Metabolic improvements associated with low-carbohydrate diet in overweight and obese adults: Contributions to public health nutrition
Laryssa Rosa de Sousa Franckilin , Ludmila Lizziane de Souza Lima , Flávio Eduardo Dias Araújo Freitas , Maria Vitoria Cota de Abreu , Carlos Eduardo de Freitas JORGE , Daniela Godoy Neri , Janaina Koenen , Giselle Foureaux
Journal of Clinical and Translational Research ›› 2026, Vol. 12 ›› Issue (1) : 72 -87.
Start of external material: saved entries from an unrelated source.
lemma weakly_null_tendsto_zero_span_finite:
  fixes T :: "'a::real_normed_vector \<Rightarrow> 'b::real_normed_vector"
  assumes "finite B" and null: "weakly_null y" and "bounded_linear T" and "range T \<subseteq> span B"
  shows "(\<lambda>n. T (y n)) \<longlonglongrightarrow> 0"
  using assms(1,3,4)
proof (induction B arbitrary: T rule: finite_induct)
  case empty
  then show ?case by (auto simp: image_subset_iff)
next
  case (insert b B)
  show ?case
  proof (cases "b \<in> span B")
    case True
    then show ?thesis using insert by (simp add: span_redundant)
  next
    case False
    obtain \<phi> where \<phi>: "bounded_linear \<phi>" "\<And>x. T x - \<phi> x *\<^sub>R b \<in> span B"
      using bounded_linear_coordinate[OF insert.prems closed_span_finite[OF insert.hyps(1)] False]
      by blast
    have "bounded_linear (\<lambda>x. T x - \<phi> x *\<^sub>R b)"
      using insert.prems(1) \<phi>(1) by (intro bounded_linear_sub bounded_linear_compose[OF bounded_linear_scaleR_left])
    then have "(\<lambda>n. T (y n) - \<phi> (y n) *\<^sub>R b) \<longlonglongrightarrow> 0"
      using \<phi>(2) by (intro insert.IH) auto
    moreover have "(\<lambda>n. \<phi> (y n)) \<longlonglongrightarrow> 0" using null \<phi>(1) unfolding weakly_null_def by blast
    ultimately have "(\<lambda>n. (T (y n) - \<phi> (y n) *\<^sub>R b) + \<phi> (y n) *\<^sub>R b) \<longlonglongrightarrow> 0 + 0 *\<^sub>R b"
      by (intro tendsto_intros)
    then show ?thesis by simp
  qed
qed

lemma finite_rank_weakly_null_tendsto_zero:
  assumes "bounded_linear T" and "finite_rank T" and "weakly_null y"
  shows "(\<lambda>n. T (y n)) \<longlonglongrightarrow> 0"
  using assms weakly_null_tendsto_zero_span_finite unfolding finite_rank_def by blast
lemma separation_gauge_add:
  assumes y: "y1 \<in> V" "y2 \<in> V"
  shows "separation_gauge n C x d (y1 + y2)
    \<le> separation_gauge n C x d y1 + separation_gauge n C x d y2"
proof -
  let ?p = "separation_gauge n C x d"
  have sum: "?p (y1 + y2) \<le> (n (y1 + t1 *\<^sub>R (c1 - x)) - t1 * d) + (n (y2 + t2 *\<^sub>R (c2 - x)) - t2 * d)"
    if t: "0 \<le> t1" "c1 \<in> C" "0 \<le> t2" "c2 \<in> C" for t1 c1 t2 c2
  proof -
    obtain c where c: "c \<in> C" "(t1 + t2) *\<^sub>R (c - x) = t1 *\<^sub>R (c1 - x) + t2 *\<^sub>R (c2 - x)"
      using convex_cone_combination[OF C_convex t(2,4,1,3)] by blast
    have "?p (y1 + y2) \<le> n (y1 + y2 + (t1 + t2) *\<^sub>R (c - x)) - (t1 + t2) * d"
      using separation_gauge_le[of "y1 + y2" "t1 + t2" c] y t c(1)
      by (simp add: normed_subspace_closed[OF ns])
    also have "y1 + y2 + (t1 + t2) *\<^sub>R (c - x) = (y1 + t1 *\<^sub>R (c1 - x)) + (y2 + t2 *\<^sub>R (c2 - x))"
      using c(2) by (simp add: algebra_simps)
    also have "n \<dots> \<le> n (y1 + t1 *\<^sub>R (c1 - x)) + n (y2 + t2 *\<^sub>R (c2 - x))"
      using t y CV xV
      by (intro normed_subspace_triangle[OF ns]) (auto simp: normed_subspace_closed[OF ns])
    finally show ?thesis by (simp add: algebra_simps)
  qed
  have "?p (y1 + y2) - (n (y2 + t2 *\<^sub>R (c2 - x)) - t2 * d) \<le> ?p y1"
    if "0 \<le> t2" "c2 \<in> C" for t2 c2
  proof (rule separation_gauge_greatest)
    fix t1 :: real and c1 assume "0 \<le> t1" "c1 \<in> C"
    then show "?p (y1 + y2) - (n (y2 + t2 *\<^sub>R (c2 - x)) - t2 * d) \<le> n (y1 + t1 *\<^sub>R (c1 - x)) - t1 * d"
      using sum[OF _ _ that] by fastforce
  qed
  then have "?p (y1 + y2) - ?p y1 \<le> ?p y2"
    by (intro separation_gauge_greatest) fastforce
  then show ?thesis by simp
qed

lemma separation_gauge_scaleR:
  assumes y: "y \<in> V" and s: "0 < s"
  shows "separation_gauge n C x d (s *\<^sub>R y) \<le> s * separation_gauge n C x d y"
proof -
  let ?p = "separation_gauge n C x d"
  have "?p (s *\<^sub>R y) \<le> s * (n (y + t *\<^sub>R (c - x)) - t * d)" if t: "0 \<le> t" "c \<in> C" for t c
  proof -
    have v: "y + t *\<^sub>R (c - x) \<in> V"
      using y t(2) CV xV by (auto simp: normed_subspace_closed[OF ns])
    have "?p (s *\<^sub>R y) \<le> n (s *\<^sub>R y + (s * t) *\<^sub>R (c - x)) - (s * t) * d"
      using separation_gauge_le[of "s *\<^sub>R y" "s * t" c] y s t
      by (simp add: normed_subspace_closed[OF ns])
    also have "s *\<^sub>R y + (s * t) *\<^sub>R (c - x) = s *\<^sub>R (y + t *\<^sub>R (c - x))"
      by (simp add: algebra_simps)
    also have "n (s *\<^sub>R (y + t *\<^sub>R (c - x))) = s * n (y + t *\<^sub>R (c - x))"
      using normed_subspace_scaleR[OF ns v] s by simp
    finally show ?thesis by (simp add: right_diff_distrib)
  qed
  then have "?p (s *\<^sub>R y) / s \<le> ?p y"
    using s by (intro separation_gauge_greatest) (simp add: field_simps)
  then show ?thesis using s by (simp add: field_simps)
qed

lemma sublinear_on_separation_gauge: "sublinear_on V (separation_gauge n C x d)"
  unfolding sublinear_on_def using separation_gauge_add separation_gauge_scaleR by blast

end

lemma seq_closed_positive_distance:
  assumes ns: "normed_subspace V n" and "C \<subseteq> V" "seq_closed_in V n C" "x \<in> V" "x \<notin> C"
  obtains d where "d > 0" "\<And>c. c \<in> C \<Longrightarrow> d \<le> n (c - x)"
proof -
  have "\<exists>d>0. \<forall>c\<in>C. d \<le> n (c - x)"
  proof (rule ccontr)
    assume "\<not> ?thesis"
    then have "x \<in> norm_closure V n C"
      using assms(4) unfolding norm_closure_def by (auto simp: not_le)
    then show False
      using norm_closure_subset_seq_closed[OF ns assms(2,3)] assms(5) by blast
  qed
  then show ?thesis using that by blast
qed

lemma dual_space_restrict:
  assumes ns: "normed_subspace V n"
    and add: "\<And>y z. y \<in> V \<Longrightarrow> z \<in> V \<Longrightarrow> g (y + z) = g y + g z"
    and scale: "\<And>y c. y \<in> V \<Longrightarrow> g (c *\<^sub>R y) = c * g y"
    and bdd: "\<And>y. y \<in> V \<Longrightarrow> \<bar>g y\<bar> \<le> B * n y"
  shows "(\<lambda>y. if y \<in> V then g y else 0) \<in> dual_space V n"
  unfolding dual_space_def
  using add scale bdd by (auto simp: normed_subspace_closed[OF ns] intro!: exI[of _ B])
Background: Overweight (OW) and obesity (OB) are major public health challenges associated with metabolic disorders, chronic diseases, and rising healthcare costs. Low-carbohydrate diets (LCDs) have emerged as cost-effective strategies for prevention and treatment. Objective: The objective of the study is to evaluate the effects of an LCD (≤130 g/day) on anthropometric, metabolic, hepatic, and renal parameters in OW and obese adults over 12 months. Methods: This open-label, non-randomized, self-controlled clinical trial included 34 adults with body mass index (BMI) ≥ 25 kg/m 2 who received individualized nutritional counseling and followed an LCD for up to 12 months. Clinical and laboratory parameters were assessed at baseline and during follow-up (3–6 months and 7–12 months). Statistical analyses included generalized estimating equations and non-parametric tests with Bonferroni correction. Results: Participants achieved a mean weight loss of 10%, with reductions in BMI (−2.9 kg/m 2), waist circumference (−5.4 cm), and body fat percentage. Glycated hemoglobin decreased at 7–12 months (p <0.05), while insulin levels and insulin resistance declined at 3–6 months (p =0.0497 and p =0.037). Fasting glucose remained stable. Low-density lipoprotein cholesterol increased modestly at 7–12 months (p =0.035), whereas other lipid parameters showed no significant changes. Gamma-glutamyl transferase levels decreased (p =0.0341), with no adverse effects on renal or hepatic markers. Conclusion: An LCD was associated with improvements in glycemic control, body composition, insulin sensitivity, and liver enzymes without compromising renal function or lipid profiles, supporting its role in OB management and cardiometabolic risk reduction in primary care.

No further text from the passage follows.